(* Let $d$ be a positive integer and let $n,m$ be such that $T_{n,m}$ is nonempty. Then the set of all $d$-locally most reliable two-terminal graphs near $1$ in $T_{n,m}$ is nonempty and equals $T_{n,m}^d(m)$.
   Context: All graphs are finite, simple and undirected. A two-terminal graph is a graph $G$ together with two distinguished vertices $s,t$ (the terminals). Two two-terminal graphs are isomorphic if there is a graph isomorphism between them mapping the set of terminals onto the set of terminals. $T_{n,m}$ denotes the set of all pairwise nonisomorphic two-terminal graphs with $n$ vertices and $m$ edges. For a positive integer $d$, a $d$-pathset of a two-terminal graph $G$ is a spanning subgraph of $G$ containing a path of length (number of edges) at most $d$ joining $s$ and $t$; $N_i^d(G)$ is the number of $d$-pathsets of $G$ with exactly $i$ edges. For $\rho\in[0,1]$, $R_G^d(\rho)$ is the probability that the random spanning subgraph obtained from $G$ by deleting each edge independently with probability $\rho$ is a $d$-pathset; equivalently $R_G^d(\rho)=\sum_{i=1}^m N_i^d(G)(1-\rho)^i\rho^{m-i}$. $G\in T_{n,m}$ is a $d$-locally most reliable two-terminal graph near $1$ if there exists $\delta>0$ such that $R_G^d(\rho)\geq R_H^d(\rho)$ for every $H\in T_{n,m}$ and every $\rho\in(1-\delta,1)$. Define $T_{n,m}^d(0)=T_{n,m}$ and, for $i\in\{0,1,\ldots,m-1\}$, $T_{n,m}^d(i+1)=\{G\in T_{n,m}^d(i): N_{i+1}^d(G)\geq N_{i+1}^d(H)\text{ for all }H\in T_{n,m}^d(i)\}$. *)

theory Defs
  imports Complex_Main
begin
lemma variance_hypergeometric_Suc:
  fixes g :: "'a \<Rightarrow> nat"
  assumes "finite S" "s \<le> p" "2 \<le> p + q"
    and level_card: "\<And>i. card {x \<in> S. g x = Suc i} = (q choose i) * (p choose (i + s))"
    and pos: "\<And>x. x \<in> S \<Longrightarrow> 0 < g x"
  shows "measure_pmf.variance (pmf_of_set S) (\<lambda>x. real (g x)) =
    real q * real (p - s) * real p * real (q + s) / ((real (p + q))^2 * (real (p + q) - 1))"
proof -
  have levels: "{x \<in> S. g x - 1 = i} = {x \<in> S. g x = Suc i}" for i
    using pos by fastforce
  have "card {x \<in> S. g x = Suc 0} \<noteq> 0"
    using assms(2) by (simp add: level_card)
  then have "S \<noteq> {}" by auto
  then have "measure_pmf.variance (pmf_of_set S) (\<lambda>x. real (g x))
      = measure_pmf.variance (pmf_of_set S) (\<lambda>x. real (g x - 1))"
  proof (rule variance_pmf_of_set_cong[OF \<open>finite S\<close>, where c = 1])
    show "real (g x) = real (g x - 1) + 1" if "x \<in> S" for x
      using pos[OF that] by simp
  qed
  also have "\<dots> = real q * real (p - s) * real p * real (q + s) / ((real (p + q))^2 * (real (p + q) - 1))"
    using assms(1-3) by (rule variance_hypergeometric) (simp only: levels level_card)
  finally show ?thesis .
qed

lemma cond_pmf_of_set:
  assumes "finite A" "A \<inter> E \<noteq> {}"
  shows "cond_pmf (pmf_of_set A) E = pmf_of_set (A \<inter> E)"
proof (rule pmf_eqI)
  fix x
  have A: "A \<noteq> {}" using assms by auto
  have ne: "set_pmf (pmf_of_set A) \<inter> E \<noteq> {}" using assms A by simp
  have "card A > 0" "card (A \<inter> E) > 0" using assms A by (auto simp: card_gt_0_iff)
  then show "pmf (cond_pmf (pmf_of_set A) E) x = pmf (pmf_of_set (A \<inter> E)) x"
    unfolding pmf_cond[OF ne]
    by (simp add: pmf_of_set[OF A assms(1)] pmf_of_set[OF assms(2)] measure_pmf_of_set[OF A assms(1)]
        assms indicator_def)
qed

section \<open>Runs and arrangements\<close>

lemma sym_neq_iff [simp]: "s \<noteq> X \<longleftrightarrow> s = Y" "s \<noteq> Y \<longleftrightarrow> s = X"
  by (cases s; simp)+

lemma runs_Nil [simp]: "runs a [] = 0"
  by (simp add: runs_def)

lemma runs_singleton [simp]: "runs a [x] = (if x = a then 1 else 0)"
  by (simp add: runs_def)

lemma runs_Cons_Cons: "runs a (x # y # w) = runs a (y # w) + (if x = a \<and> y \<noteq> a then 1 else 0)"
  by (cases "x = y") (auto simp: runs_def)

lemma runs_rev [simp]: "runs a (rev w) = runs a w"
  by (simp add: runs_def rev_filter[symmetric])

lemma runs_snoc: "runs a (v @ [y]) = runs a v + (if y = a \<and> (v = [] \<or> last v \<noteq> a) then 1 else 0)"
proof -
  have "runs a (v @ [y]) = runs a (y # rev v)"
    by (metis rev.simps(2) rev_rev_ident runs_rev)
  also have "\<dots> = runs a v + (if y = a \<and> (v = [] \<or> last v \<noteq> a) then 1 else 0)"
  proof (cases "rev v")
    case Nil
    then show ?thesis by simp
  next
    case (Cons z zs)
    then have "last v = z" "runs a v = runs a (z # zs)"
      by (metis last_snoc rev_eq_Cons_iff, metis runs_rev rev_rev_ident)
    then show ?thesis using Cons by (simp add: runs_Cons_Cons)
  qed
  finally show ?thesis .
qed

lemma runs_pos: "a \<in> set w \<Longrightarrow> 0 < runs a w"
  unfolding runs_def by (metis (mono_tags) filter_empty_conv length_greater_0_conv remdups_adj_set)

lemma runs_map_inj:
  assumes "inj f"
  shows "runs (f a) (map f w) = runs a w"
proof -
  have "(\<lambda>s. s = f a) \<circ> f = (\<lambda>s. s = a)"
    using assms by (auto simp: inj_eq)
  then show ?thesis
    unfolding runs_def remdups_adj_map_injective[OF assms] by (simp add: filter_map)
qed

lemma R1_minus_R2:
  assumes "w \<noteq> []"
  shows "int (R1 w) - int (R2 w) = of_bool (hd w = X) + of_bool (last w = X) - 1"
  using assms unfolding R1_def R2_def
proof (induction w)
  case Nil
  then show ?case by simp
next
  case (Cons x w)
  show ?case
  proof (cases w)
    case Nil
    then show ?thesis by (cases x) auto
  next
    case (Cons y w')
    then show ?thesis using Cons.IH by (cases x; cases y) (auto simp: runs_Cons_Cons)
  qed
qed

lemma R2_snoc: "R2 (v @ [c]) = R2 v + of_bool (c = Y \<and> (v = [] \<or> last v = X))"
  by (simp add: R2_def runs_snoc)

lemma R2_Cons_X [simp]: "R2 (X # v) = R2 v"
  by (cases v) (auto simp: R2_def runs_Cons_Cons)

lemma RM_rev [simp]: "RM (rev w) = RM w"
  by (simp add: RM_def R1_def R2_def)

lemma RM_X_Cons_snoc_X: "RM (X # u @ [X]) = R2 u + 1"
proof -
  have "R2 (X # u @ [X]) = R2 u"
    by (simp add: R2_snoc)
  moreover have "int (R1 (X # u @ [X])) - int (R2 (X # u @ [X])) = 1"
    using R1_minus_R2[of "X # u @ [X]"] by simp
  ultimately show ?thesis
    by (simp add: RM_def)
qed

lemma RM_X_Cons_ending_Y: "u \<noteq> [] \<Longrightarrow> last u = Y \<Longrightarrow> RM (X # u) = R2 u"
  using R1_minus_R2[of "X # u"] by (simp add: RM_def)

lemma count_list_X_plus_Y: "count_list w X + count_list w Y = length w"
  by (induction w) (auto split: sym.split)

lemma finite_arrangements: "finite (arrangements a b)"
proof -
  have "arrangements a b \<subseteq> {xs. set xs \<subseteq> {X, Y} \<and> length xs = a + b}"
    unfolding arrangements_def using sym.exhaust by auto
  then show ?thesis by (rule finite_subset) (simp add: finite_lists_length_eq)
qed

lemma arrangements_nonempty: "arrangements a b \<noteq> {}"
proof -
  have count_replicate: "count_list (replicate n x) y = (if x = y then n else 0)" for n and x y :: sym
    by (induction n) auto
  have "replicate a X @ replicate b Y \<in> arrangements a b"
    by (simp add: arrangements_def count_replicate)
  then show ?thesis by blast
qed

lemma set_pmf_arr_pmf: "set_pmf (arr_pmf n1 n2) = arrangements n1 n2"
  unfolding arr_pmf_def by (rule set_pmf_of_set[OF arrangements_nonempty finite_arrangements])

lemma cond_var_arr_pmf:
  assumes "set_pmf (arr_pmf n1 n2) \<inter> E \<noteq> {}"
  shows "cond_var (arr_pmf n1 n2) E f = measure_pmf.variance (pmf_of_set (arrangements n1 n2 \<inter> E)) f"
proof -
  have "arrangements n1 n2 \<inter> E \<noteq> {}"
    using assms by (simp add: set_pmf_arr_pmf)
  then show ?thesis
    unfolding cond_var_def arr_pmf_def by (simp add: cond_pmf_of_set[OF finite_arrangements])
qed

lemma Y_in_arrangement: "u \<in> arrangements a b \<Longrightarrow> 0 < b \<Longrightarrow> Y \<in> set u"
  using count_list_X_plus_Y[of u] count_notin[of Y u] by (auto simp: arrangements_def)

lemma snoc_in_arrangements [simp]:
  "v @ [c] \<in> arrangements a b \<longleftrightarrow>
   (if c = X then 0 < a \<and> v \<in> arrangements (a - 1) b else 0 < b \<and> v \<in> arrangements a (b - 1))"
  using count_list_X_plus_Y[of v] by (cases c) (auto simp: arrangements_def)

lemma Cons_X_in_arrangements [simp]:
  "X # u \<in> arrangements a b \<longleftrightarrow> 0 < a \<and> u \<in> arrangements (a - 1) b"
  using count_list_X_plus_Y[of u] by (auto simp: arrangements_def)

lemma rev_in_arrangements [simp]: "rev w \<in> arrangements a b \<longleftrightarrow> w \<in> arrangements a b"
  by (simp add: arrangements_def)

section \<open>Arrangements counted by their number of Y-runs\<close>

definition arrangements_ending_Y :: "nat \<Rightarrow> nat \<Rightarrow> sym list set" where
  "arrangements_ending_Y a b = {u \<in> arrangements a b. u \<noteq> [] \<and> last u = Y}"

lemma arrangements_diff_ending_Y:
  "arrangements a b - arrangements_ending_Y a b = {u \<in> arrangements a b. u = [] \<or> last u = X}"
  by (auto simp: arrangements_ending_Y_def)

lemma Y_runs_not_ending_Y_0:
  "{u \<in> arrangements 0 b - arrangements_ending_Y 0 b. R2 u = j} = (if b = 0 \<and> j = 0 then {[]} else {})"
proof -
  have empty: "u = []" if "u \<in> arrangements 0 b - arrangements_ending_Y 0 b" for u
  proof (rule ccontr)
    assume "u \<noteq> []"
    with that have "last u = X" "count_list u X = 0"
      unfolding arrangements_diff_ending_Y by (auto simp: arrangements_def)
    then show False
      using \<open>u \<noteq> []\<close> last_in_set[of u] by (simp add: count_list_0_iff)
  qed
  show ?thesis
  proof (rule set_eqI)
    fix u
    show "u \<in> {u \<in> arrangements 0 b - arrangements_ending_Y 0 b. R2 u = j} \<longleftrightarrow>
          u \<in> (if b = 0 \<and> j = 0 then {[]} else {})"
    proof (cases "u = []")
      case True
      then show ?thesis by (simp add: arrangements_ending_Y_def arrangements_def R2_def)
    next
      case False
      then have "u \<notin> arrangements 0 b - arrangements_ending_Y 0 b"
        using empty by blast
      then show ?thesis using False by auto
    qed
  qed
qed

lemma arrangements_ending_Y_0: "arrangements_ending_Y a 0 = {}"
proof -
  have "Y \<notin> set u" if "u \<in> arrangements a 0" for u
    using that count_list_X_plus_Y[of u] by (simp add: arrangements_def count_list_0_iff)
  then show ?thesis
    using last_in_set by (fastforce simp: arrangements_ending_Y_def)
qed

lemma Y_runs_ending_Y_0: "{u \<in> arrangements_ending_Y a b. R2 u = 0} = {}"
  using runs_pos[of Y] last_in_set by (fastforce simp: arrangements_ending_Y_def R2_def)

lemma Y_runs_not_ending_Y_Suc:
  "{u \<in> arrangements (Suc a) b - arrangements_ending_Y (Suc a) b. R2 u = j}
     = (\<lambda>v. v @ [X]) ` {v \<in> arrangements a b. R2 v = j}"
proof (rule set_eqI, rule iffI)
  fix u
  assume u: "u \<in> {u \<in> arrangements (Suc a) b - arrangements_ending_Y (Suc a) b. R2 u = j}"
  then have "u \<noteq> []"
    by (auto simp: arrangements_def)
  then have "last u = X"
    using u unfolding arrangements_diff_ending_Y by simp
  define v where "v = butlast u"
  have v: "u = v @ [X]"
    using \<open>u \<noteq> []\<close> \<open>last u = X\<close> unfolding v_def by (metis append_butlast_last_id)
  have "v \<in> arrangements a b" "R2 v = j"
    using u unfolding v arrangements_diff_ending_Y by (simp_all add: R2_snoc)
  then show "u \<in> (\<lambda>v. v @ [X]) ` {v \<in> arrangements a b. R2 v = j}"
    unfolding v by blast
next
  fix u
  assume "u \<in> (\<lambda>v. v @ [X]) ` {v \<in> arrangements a b. R2 v = j}"
  then obtain v where u: "u = v @ [X]" and v: "v \<in> arrangements a b" "R2 v = j"
    by blast
  have "v @ [X] \<in> arrangements (Suc a) b"
    using v by simp
  then show "u \<in> {u \<in> arrangements (Suc a) b - arrangements_ending_Y (Suc a) b. R2 u = j}"
    using v unfolding u arrangements_diff_ending_Y by (simp add: R2_snoc)
qed

lemma Y_runs_ending_Y_Suc:
  "{u \<in> arrangements_ending_Y a (Suc b). R2 u = Suc j}
     = (\<lambda>v. v @ [Y]) ` ({v \<in> arrangements a b - arrangements_ending_Y a b. R2 v = j}
                        \<union> {v \<in> arrangements_ending_Y a b. R2 v = Suc j})"
proof (rule set_eqI, rule iffI)
  fix u
  assume u: "u \<in> {u \<in> arrangements_ending_Y a (Suc b). R2 u = Suc j}"
  then have "u \<noteq> []" "last u = Y"
    by (simp_all add: arrangements_ending_Y_def)
  define v where "v = butlast u"
  have "u = v @ [Y]"
    using \<open>u \<noteq> []\<close> \<open>last u = Y\<close> unfolding v_def by (metis append_butlast_last_id)
  then show "u \<in> (\<lambda>v. v @ [Y]) ` ({v \<in> arrangements a b - arrangements_ending_Y a b. R2 v = j}
                        \<union> {v \<in> arrangements_ending_Y a b. R2 v = Suc j})"
    using u by (cases "v = [] \<or> last v = X") (auto simp: arrangements_ending_Y_def R2_snoc)
next
  fix u
  assume "u \<in> (\<lambda>v. v @ [Y]) ` ({v \<in> arrangements a b - arrangements_ending_Y a b. R2 v = j}
                        \<union> {v \<in> arrangements_ending_Y a b. R2 v = Suc j})"
  then obtain v where u: "u = v @ [Y]"
    and v: "v \<in> {v \<in> arrangements a b - arrangements_ending_Y a b. R2 v = j}
              \<union> {v \<in> arrangements_ending_Y a b. R2 v = Suc j}"
    by blast
  show "u \<in> {u \<in> arrangements_ending_Y a (Suc b). R2 u = Suc j}"
  proof (cases "v = []")
    case True
    then have "u = [Y]" "a = 0" "b = 0" "j = 0"
      using u v by (simp_all add: arrangements_def R2_def)
    then show ?thesis by (simp add: arrangements_ending_Y_def arrangements_def R2_def)
  next
    case False
    have "v \<in> arrangements a b" "R2 v + of_bool (last v = X) = Suc j"
      using v False by (auto simp: arrangements_ending_Y_def)
    then show ?thesis
      using False unfolding u by (simp add: arrangements_ending_Y_def R2_snoc)
  qed
qed
lemma sum_residue_matrices_Suc:
  "(\<Sum>X\<in>residue_matrices (Suc k) M. F X)
     = (\<Sum>g\<in>(\<Pi>\<^sub>E j\<in>{..<k}. residue_vecs (Suc k) M).
          \<Sum>a\<in>residue_vecs (Suc k) M. F (cols_mat (Suc k) (g(k := a))))"
proof -
  have "(\<Sum>X\<in>residue_matrices (Suc k) M. F X)
      = (\<Sum>f\<in>(\<Pi>\<^sub>E j\<in>{..<Suc k}. residue_vecs (Suc k) M). F (cols_mat (Suc k) f))"
    by (rule sum.reindex_bij_betw [OF bij_betw_cols_mat, symmetric])
  also have "\<dots> = (\<Sum>a\<in>residue_vecs (Suc k) M. \<Sum>g\<in>(\<Pi>\<^sub>E j\<in>{..<k}. residue_vecs (Suc k) M).
                      F (cols_mat (Suc k) (g(k := a))))"
    unfolding lessThan_Suc by (rule sum_PiE_insert) simp
  also have "\<dots> = (\<Sum>g\<in>(\<Pi>\<^sub>E j\<in>{..<k}. residue_vecs (Suc k) M).
                      \<Sum>a\<in>residue_vecs (Suc k) M. F (cols_mat (Suc k) (g(k := a))))"
    by (rule sum.swap)
  finally show ?thesis .
qed

definition last_cofactors :: "nat \<Rightarrow> (nat \<Rightarrow> nat \<Rightarrow> int) \<Rightarrow> nat \<Rightarrow> int" where
  "last_cofactors k g i = cofactor (cols_mat (Suc k) (g(k := (\<lambda>_. 0)))) i k"

lemma cofactor_cols_mat_last:
  "cofactor (cols_mat (Suc k) (g(k := a))) i k = last_cofactors k g i"
proof -
  have "mat_delete (cols_mat (Suc k) (g(k := a))) i k
      = mat_delete (cols_mat (Suc k) (g(k := (\<lambda>_. 0)))) i k"
  proof (rule eq_matI)
    fix i' j'
    assume "i' < dim_row (mat_delete (cols_mat (Suc k) (g(k := (\<lambda>_. 0)))) i k)"
      and "j' < dim_col (mat_delete (cols_mat (Suc k) (g(k := (\<lambda>_. 0)))) i k)"
    then have "i' < k" "j' < k"
      by simp_all
    then show "mat_delete (cols_mat (Suc k) (g(k := a))) i k $$ (i', j')
        = mat_delete (cols_mat (Suc k) (g(k := (\<lambda>_. 0)))) i k $$ (i', j')"
      by (simp add: mat_delete_def)
  qed simp_all
  then show ?thesis
    by (simp add: last_cofactors_def cofactor_def)
qed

EXERCISE: Take each line in the listing that has the word "definition" and copy it.

FINAL ANSWER:
definition arrangements_ending_Y :: "nat \<Rightarrow> nat \<Rightarrow> sym list set" where
definition last_cofactors :: "nat \<Rightarrow> (nat \<Rightarrow> nat \<Rightarrow> int) \<Rightarrow> nat \<Rightarrow> int" where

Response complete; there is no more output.